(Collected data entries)
lemma pos_mat_trace_psd:
  assumes "\<forall>i<n. \<forall>j<n. fin_supp G (F i j)" "pos_mat G n F"
  shows "0 \<le> (\<Sum>i<n. \<Sum>j<n. F i j \<one> * (v j * cnj (v i)))"
proof -
  have "\<forall>i<n. (\<lambda>g. v i * unit_el G g) \<in> l2 G"
    using fin_supp_imp_l2[OF fin_supp_scaled_unit_el] by blast
  then have "nonneg_c (\<Sum>i<n. \<Sum>j<n. l2_inner G (lreg G (F i j) (\<lambda>g. v j * unit_el G g)) (\<lambda>g. v i * unit_el G g))"
    using spec[OF assms(2)[unfolded pos_mat_def], of "\<lambda>i g. v i * unit_el G g"] by simp
  also have "(\<Sum>i<n. \<Sum>j<n. l2_inner G (lreg G (F i j) (\<lambda>g. v j * unit_el G g)) (\<lambda>g. v i * unit_el G g))
      = (\<Sum>i<n. \<Sum>j<n. F i j \<one> * (v j * cnj (v i)))"
  proof (intro sum.cong refl)
    fix i j assume "i \<in> {..<n}" "j \<in> {..<n}"
    then have "fin_supp G (F i j)" using assms(1) by simp
    then show "l2_inner G (lreg G (F i j) (\<lambda>g. v j * unit_el G g)) (\<lambda>g. v i * unit_el G g)
        = F i j \<one> * (v j * cnj (v i))"
      by (simp add: l2_inner_lreg_unit_el mult.assoc)
  qed
  finally show ?thesis by (simp only: nonneg_c_iff_nonneg)
qed

lemma pos_mat_scalar:
  assumes "\<And>v. 0 \<le> (\<Sum>i<n. \<Sum>j<n. M i j * (v j * cnj (v i)))"
  shows "pos_mat G n (\<lambda>i j g. M i j * unit_el G g)"
  unfolding pos_mat_def
proof (intro allI impI)
  fix \<xi> :: "nat \<Rightarrow> 'a \<Rightarrow> complex" assume \<xi>: "\<forall>i<n. \<xi> i \<in> l2 G"
  define w where "w = (\<lambda>i j g. M i j * (\<xi> j g * cnj (\<xi> i g)))"
  have w: "w i j summable_on carrier G" if "i < n" "j < n" for i j
  proof -
    have "(\<lambda>g. \<xi> j g * cnj (\<xi> i g)) abs_summable_on carrier G"
      using that \<xi> by (intro abs_summable_on_mult_cnj l2_sqnorm_summable) auto
    then show ?thesis
      unfolding w_def by (rule summable_on_cmult_right[OF abs_summable_summable])
  qed
  have row_summable: "(\<lambda>g. \<Sum>j<n. w i j g) summable_on carrier G" if "i < n" for i
    by (rule summable_on_sum) (use that w in auto)
  have row_infsum: "infsum (\<lambda>g. \<Sum>j<n. w i j g) (carrier G) = (\<Sum>j<n. infsum (w i j) (carrier G))"
    if "i < n" for i
    by (rule infsum_sum) (use that w in auto)
  have "(\<Sum>i<n. \<Sum>j<n. l2_inner G (lreg G (\<lambda>g. M i j * unit_el G g) (\<xi> j)) (\<xi> i))
      = (\<Sum>i<n. \<Sum>j<n. infsum (w i j) (carrier G))"
  proof (intro sum.cong refl)
    fix i j assume "i \<in> {..<n}" "j \<in> {..<n}"
    then have "\<xi> j \<in> l2 G" "\<xi> i \<in> l2 G" using \<xi> by auto
    then show "l2_inner G (lreg G (\<lambda>g. M i j * unit_el G g) (\<xi> j)) (\<xi> i) = infsum (w i j) (carrier G)"
      unfolding l2_inner_lreg_scaled_unit_el[OF \<open>\<xi> j \<in> l2 G\<close> \<open>\<xi> i \<in> l2 G\<close>]
      by (simp add: l2_inner_def w_def infsum_cmult_right')
  qed
  also have "\<dots> = (\<Sum>i<n. infsum (\<lambda>g. \<Sum>j<n. w i j g) (carrier G))"
    using row_infsum by simp
  also have "\<dots> = infsum (\<lambda>g. \<Sum>i<n. \<Sum>j<n. w i j g) (carrier G)"
    by (rule infsum_sum[symmetric]) (use row_summable in auto)
  finally have sum_eq: "(\<Sum>i<n. \<Sum>j<n. l2_inner G (lreg G (\<lambda>g. M i j * unit_el G g) (\<xi> j)) (\<xi> i))
      = infsum (\<lambda>g. \<Sum>i<n. \<Sum>j<n. w i j g) (carrier G)" .
  have "0 \<le> infsum (\<lambda>g. \<Sum>i<n. \<Sum>j<n. w i j g) (carrier G)"
  proof (rule infsum_nonneg_complex)
    show "(\<lambda>g. \<Sum>i<n. \<Sum>j<n. w i j g) summable_on carrier G"
      by (rule summable_on_sum) (use row_summable in auto)
  qed (simp add: w_def assms)
  then show "nonneg_c (\<Sum>i<n. \<Sum>j<n. l2_inner G (lreg G (\<lambda>g. M i j * unit_el G g) (\<xi> j)) (\<xi> i))"
    by (simp only: sum_eq nonneg_c_iff_nonneg)
qed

WORK TO BE COMPLETED: Repeat exactly the lines above, starting with the first line of the records and finishing with the line holding "unfolding pos_mat_def". Add no other line.

RESPONSE AREA:
lemma pos_mat_trace_psd:
  assumes "\<forall>i<n. \<forall>j<n. fin_supp G (F i j)" "pos_mat G n F"
  shows "0 \<le> (\<Sum>i<n. \<Sum>j<n. F i j \<one> * (v j * cnj (v i)))"
proof -
  have "\<forall>i<n. (\<lambda>g. v i * unit_el G g) \<in> l2 G"
    using fin_supp_imp_l2[OF fin_supp_scaled_unit_el] by blast
  then have "nonneg_c (\<Sum>i<n. \<Sum>j<n. l2_inner G (lreg G (F i j) (\<lambda>g. v j * unit_el G g)) (\<lambda>g. v i * unit_el G g))"
    using spec[OF assms(2)[unfolded pos_mat_def], of "\<lambda>i g. v i * unit_el G g"] by simp
  also have "(\<Sum>i<n. \<Sum>j<n. l2_inner G (lreg G (F i j) (\<lambda>g. v j * unit_el G g)) (\<lambda>g. v i * unit_el G g))
      = (\<Sum>i<n. \<Sum>j<n. F i j \<one> * (v j * cnj (v i)))"
  proof (intro sum.cong refl)
    fix i j assume "i \<in> {..<n}" "j \<in> {..<n}"
    then have "fin_supp G (F i j)" using assms(1) by simp
    then show "l2_inner G (lreg G (F i j) (\<lambda>g. v j * unit_el G g)) (\<lambda>g. v i * unit_el G g)
        = F i j \<one> * (v j * cnj (v i))"
      by (simp add: l2_inner_lreg_unit_el mult.assoc)
  qed
  finally show ?thesis by (simp only: nonneg_c_iff_nonneg)
qed

lemma pos_mat_scalar:
  assumes "\<And>v. 0 \<le> (\<Sum>i<n. \<Sum>j<n. M i j * (v j * cnj (v i)))"
  shows "pos_mat G n (\<lambda>i j g. M i j * unit_el G g)"
  unfolding pos_mat_def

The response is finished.